I think they are more expensive but then there are components that warrant the extra expense.


----------



## willem (2 Jul 2009)

I like the Tubus Duo, but you can only use then if your fork has the drillings.
But whatever you choose, you cannot really go wrong with Tubus. The only disadvantage is that they rust, so I had mine chromed.
Willem


----------



## Crankarm (3 Jul 2009)

Mr P not wanting to appear to be ignoring your post, I would recommend some if I thought they would be good enough. I have the Blackburn Front Low loaders but cannot recommend them. Cheap and not so cheerful. I would buy a Tubus front rack but for the cost of them.
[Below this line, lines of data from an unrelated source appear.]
lemma rayleigh_maximizer_is_eigenvector:
  fixes f :: "'v::real_inner \<Rightarrow> 'v"
  assumes "subspace S" and "f ` S \<subseteq> S" and "linear f"
    and sym: "\<And>x y. inner x (f y) = inner (f x) y"
    and "x \<in> S" and maximal: "\<And>z. z \<in> S \<Longrightarrow> inner z (f z) \<le> c * inner z z"
    and attained: "inner x (f x) = c * inner x x"
  shows "f x = c *\<^sub>R x"
proof -
  define y where "y = f x - c *\<^sub>R x"
  \<comment> \<open>Comparing the Rayleigh quotient at x and at x + t y shows that y vanishes.\<close>
  have "y \<in> S" unfolding y_def using assms by (auto intro: subspace_diff subspace_scale)
  have "2 * t * inner y y \<le> t\<^sup>2 * (c * inner y y - inner y (f y))" for t
  proof -
    have "x + t *\<^sub>R y \<in> S" using assms \<open>y \<in> S\<close> by (auto intro: subspace_add subspace_scale)
    hence le: "inner (x + t *\<^sub>R y) (f (x + t *\<^sub>R y)) \<le> c * inner (x + t *\<^sub>R y) (x + t *\<^sub>R y)"
      by (rule maximal)
    have "inner (x + t *\<^sub>R y) (f (x + t *\<^sub>R y))
        = inner x (f x) + 2 * t * inner y (f x) + t\<^sup>2 * inner y (f y)"
      using \<open>linear f\<close> sym[of x y]
      by (simp add: linear_add linear_cmul inner_add_left inner_add_right power2_eq_square
          inner_commute[of y "f x"] algebra_simps)
    moreover have "inner (x + t *\<^sub>R y) (x + t *\<^sub>R y) = inner x x + 2 * t * inner y x + t\<^sup>2 * inner y y"
      by (simp add: inner_add_left inner_add_right power2_eq_square inner_commute[of x y] algebra_simps)
    moreover have "inner y (f x) - c * inner y x = inner y y"
      by (metis inner_diff_right inner_scaleR_right y_def)
    ultimately show ?thesis using le attained by (simp add: algebra_simps)
  qed
  hence "inner y y = 0" by (rule linear_le_quadratic_imp_zero)
  thus ?thesis unfolding y_def by simp
qed

lemma selfadjoint_eigenvector_in_invariant_subspace:
  fixes f :: "'v::euclidean_space \<Rightarrow> 'v"
  assumes S: "subspace S" "S \<noteq> {0}" "f ` S \<subseteq> S" and f: "linear f"
    and sym: "\<And>x y. inner x (f y) = inner (f x) y"
  shows "\<exists>x\<in>S. norm x = 1 \<and> (\<exists>c. f x = c *\<^sub>R x)"
proof -
  define K where "K = S \<inter> sphere 0 1"
  have "compact K"
    unfolding K_def using closed_subspace[OF S(1)] by (simp add: closed_Int_compact)
  obtain y where "y \<in> S" "y \<noteq> 0" using S subspace_0 by blast
  hence "y /\<^sub>R norm y \<in> K" unfolding K_def using S by (simp add: subspace_scale)
  hence "K \<noteq> {}" by blast
  moreover have "continuous_on K (\<lambda>x. inner x (f x))"
    using f by (intro continuous_intros linear_continuous_on linear_conv_bounded_linear[THEN iffD1])
  ultimately obtain x where "x \<in> K" and xmax: "\<And>z. z \<in> K \<Longrightarrow> inner z (f z) \<le> inner x (f x)"
    using continuous_attains_sup[OF \<open>compact K\<close>] by blast
  hence "x \<in> S" "norm x = 1" unfolding K_def by auto
  define c where "c = inner x (f x)"
  have "inner z (f z) \<le> c * inner z z" if "z \<in> S" for z
  proof (cases "z = 0")
    case False
    hence "z /\<^sub>R norm z \<in> K" unfolding K_def using S \<open>z \<in> S\<close> by (simp add: subspace_scale)
    from xmax[OF this] have "inner z (f z) / (norm z)\<^sup>2 \<le> c"
      using f unfolding c_def by (simp add: linear_cmul power2_eq_square field_simps)
    thus ?thesis using False by (simp add: divide_le_eq dot_square_norm mult.commute)
  qed (use f linear_0 in simp)
  moreover have "inner x (f x) = c * inner x x"
    using \<open>norm x = 1\<close> unfolding c_def by (simp add: dot_square_norm)
  ultimately have "f x = c *\<^sub>R x"
    using rayleigh_maximizer_is_eigenvector[OF S(1,3) f sym \<open>x \<in> S\<close>] by blast
  thus ?thesis using \<open>x \<in> S\<close> \<open>norm x = 1\<close> by blast
qed

lemma commuting_selfadjoint_common_eigenvector:
  fixes f g :: "'v::euclidean_space \<Rightarrow> 'v"
  assumes S: "subspace S" "S \<noteq> {0}" "f ` S \<subseteq> S" "g ` S \<subseteq> S"
    and f: "linear f" "\<And>x y. inner x (f y) = inner (f x) y"
    and g: "linear g" "\<And>x y. inner x (g y) = inner (g x) y"
    and comm: "\<And>x. f (g x) = g (f x)"
  shows "\<exists>x\<in>S. norm x = 1 \<and> (\<exists>a. f x = a *\<^sub>R x) \<and> (\<exists>b. g x = b *\<^sub>R x)"
proof -
  obtain x0 a where "x0 \<in> S" "norm x0 = 1" "f x0 = a *\<^sub>R x0"
    using selfadjoint_eigenvector_in_invariant_subspace[OF S(1-3) f] by blast
  define E where "E = {y \<in> S. f y = a *\<^sub>R y}"
  have "subspace E"
    unfolding E_def subspace_def using S(1) f(1)
    by (auto simp: subspace_add subspace_scale subspace_0 linear_add linear_cmul linear_0 scaleR_add_right)
  moreover have "E \<noteq> {0}"
  proof -
    have "x0 \<in> E" unfolding E_def using \<open>x0 \<in> S\<close> \<open>f x0 = a *\<^sub>R x0\<close> by blast
    moreover have "x0 \<noteq> 0" using \<open>norm x0 = 1\<close> by auto
    ultimately show ?thesis by blast
  qed
  moreover have "g ` E \<subseteq> E" unfolding E_def using S(4) comm g(1) by (auto simp: linear_cmul)
  ultimately obtain x b where "x \<in> E" "norm x = 1" "g x = b *\<^sub>R x"
    using selfadjoint_eigenvector_in_invariant_subspace[OF _ _ _ g] by blast
  thus ?thesis unfolding E_def by blast
qed

lemma cscale_nth [simp]: "cscale c X $ i $ j = c * X $ i $ j"
  by (simp add: cscale_def)

lemma scaleR_op_nth: "(r *\<^sub>R X) $ i $ j = of_real r * (X :: 'n::finite op) $ i $ j"
  unfolding vector_scaleR_component by (simp add: scaleR_conv_of_real)

lemma scaleR_eq_cscale: "r *\<^sub>R (X :: 'n::finite op) = cscale (of_real r) X"
  by (simp only: vec_eq_iff scaleR_op_nth cscale_nth) simp

lemma cscale_cscale: "cscale c (cscale d X) = cscale (c * d) X"
  by (simp add: vec_eq_iff)

lemma cscale_one [simp]: "cscale 1 X = X"
  by (simp add: vec_eq_iff)

lemma cscale_sum: "cscale c (sum f A) = (\<Sum>a\<in>A. cscale c (f a))"
  by (simp add: vec_eq_iff sum_distrib_left)

lemma kron_cscale_left: "kron (cscale c A) B = cscale c (kron A B)"
  by (simp add: vec_eq_iff kron_def mult.assoc)

lemma kron_zero_left [simp]: "kron 0 B = 0"
  by (simp add: vec_eq_iff kron_def)

lemma commutator_cscale: "commutator Q (cscale c X) = cscale c (commutator Q X)"
  by (simp add: vec_eq_iff commutator_def matrix_matrix_mult_def sum_distrib_left algebra_simps)

lemma matrix_add_rdistrib: "(A + B) ** C = A ** C + B ** C"
  by (simp add: matrix_matrix_mult_def vec_eq_iff sum.distrib distrib_right)

lemma linear_commutator: "linear (commutator Q)"
proof (rule linearI)
  show "commutator Q (X + Y) = commutator Q X + commutator Q Y" for X Y
    by (simp add: commutator_def matrix_add_ldistrib matrix_add_rdistrib)
  show "commutator Q (r *\<^sub>R X) = r *\<^sub>R commutator Q X" for r X
    by (simp add: scaleR_eq_cscale commutator_cscale)
qed

lemma sum_UNIV_prod:
  "(\<Sum>s\<in>(UNIV :: ('a::finite \<times> 'b::finite) set). f s) = (\<Sum>a\<in>UNIV. \<Sum>b\<in>UNIV. f (a, b))"
  by (simp add: sum.cartesian_product flip: UNIV_Times_UNIV)

lemma sum_swap_first_last:
  "(\<Sum>a\<in>A. \<Sum>b\<in>B. \<Sum>c\<in>C. f a b c) = (\<Sum>c\<in>C. \<Sum>b\<in>B. \<Sum>a\<in>A. f a b c)"
proof -
  have "(\<Sum>a\<in>A. \<Sum>b\<in>B. \<Sum>c\<in>C. f a b c) = (\<Sum>b\<in>B. \<Sum>a\<in>A. \<Sum>c\<in>C. f a b c)"
    by (rule sum.swap)
  also have "\<dots> = (\<Sum>b\<in>B. \<Sum>c\<in>C. \<Sum>a\<in>A. f a b c)"
    by (rule sum.cong[OF refl], rule sum.swap)
  also have "\<dots> = (\<Sum>c\<in>C. \<Sum>b\<in>B. \<Sum>a\<in>A. f a b c)"
    by (rule sum.swap)
  finally show ?thesis .
qed

lemma sum_rotate3:
  "(\<Sum>a\<in>A. \<Sum>b\<in>B. \<Sum>c\<in>C. f a b c) = (\<Sum>b\<in>B. \<Sum>c\<in>C. \<Sum>a\<in>A. f a b c)"
  by (subst sum.swap) (rule sum.cong[OF refl], rule sum.swap)

lemma kron_mult: "kron A B ** kron C D = kron (A ** C) (B ** D)"
  by (simp add: vec_eq_iff kron_def matrix_matrix_mult_def sum_UNIV_prod sum_product mult_ac)

lemma adj_kron: "adj (kron A B) = kron (adj A) (adj B)"
  by (simp add: vec_eq_iff kron_def adj_def)

lemma hermitian_transpose: "hermitian Q \<Longrightarrow> hermitian (transpose Q)"
  unfolding hermitian_def adj_def transpose_def by (simp add: vec_eq_iff)

definition cnj_op :: "'n::finite op \<Rightarrow> 'n op" where
  "cnj_op X = (\<chi> i j. cnj (X $ i $ j))"

lemma cnj_op_cnj_op [simp]: "cnj_op (cnj_op X) = X"
  by (simp add: cnj_op_def vec_eq_iff)

lemma cnj_op_mult: "cnj_op (A ** B) = cnj_op A ** cnj_op B"
  by (simp add: cnj_op_def vec_eq_iff matrix_matrix_mult_def)

lemma cnj_op_transpose: "cnj_op (transpose A) = adj A"
  by (simp add: cnj_op_def adj_def transpose_def)

lemma cnj_op_hermitian: "hermitian Q \<Longrightarrow> cnj_op Q = transpose Q"
  unfolding hermitian_def by (metis cnj_op_cnj_op cnj_op_transpose)

lemma cnj_op_diff: "cnj_op (A - B) = cnj_op A - cnj_op B"
  by (simp add: cnj_op_def vec_eq_iff)

lemma cnj_op_commutator: "cnj_op (commutator Q X) = commutator (cnj_op Q) (cnj_op X)"
  by (simp add: commutator_def cnj_op_mult cnj_op_diff)

lemma cnj_op_cscale: "cnj_op (cscale c X) = cscale (cnj c) (cnj_op X)"
  by (simp add: cnj_op_def vec_eq_iff)

section \<open>The Hilbert-Schmidt inner product\<close>

definition hs_inner :: "'n::finite op \<Rightarrow> 'n op \<Rightarrow> complex" where
  "hs_inner X Y = (\<Sum>i\<in>UNIV. \<Sum>j\<in>UNIV. cnj (X $ i $ j) * Y $ i $ j)"

lemma hs_inner_zero_right [simp]: "hs_inner X 0 = 0"
  by (simp add: hs_inner_def)

lemma hs_inner_zero_left [simp]: "hs_inner 0 X = 0"
  by (simp add: hs_inner_def)

lemma hs_inner_add_right: "hs_inner X (Y + Z) = hs_inner X Y + hs_inner X Z"
  by (simp add: hs_inner_def algebra_simps sum.distrib)

lemma hs_inner_diff_right: "hs_inner X (Y - Z) = hs_inner X Y - hs_inner X Z"
  by (simp add: hs_inner_def algebra_simps sum_subtractf)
I was hoping Madison would do a front summit rack as their rear summit rack is pretty good and on a par with or better than the Tubus racks but at a fraction of the price. Tubus seem to have nailed the front rack market. There is little that comes close to them as far as I can see. The American racks such as Surly and Nitto are just too heavy from what I have read.

What's the difference between Ergo and Tara?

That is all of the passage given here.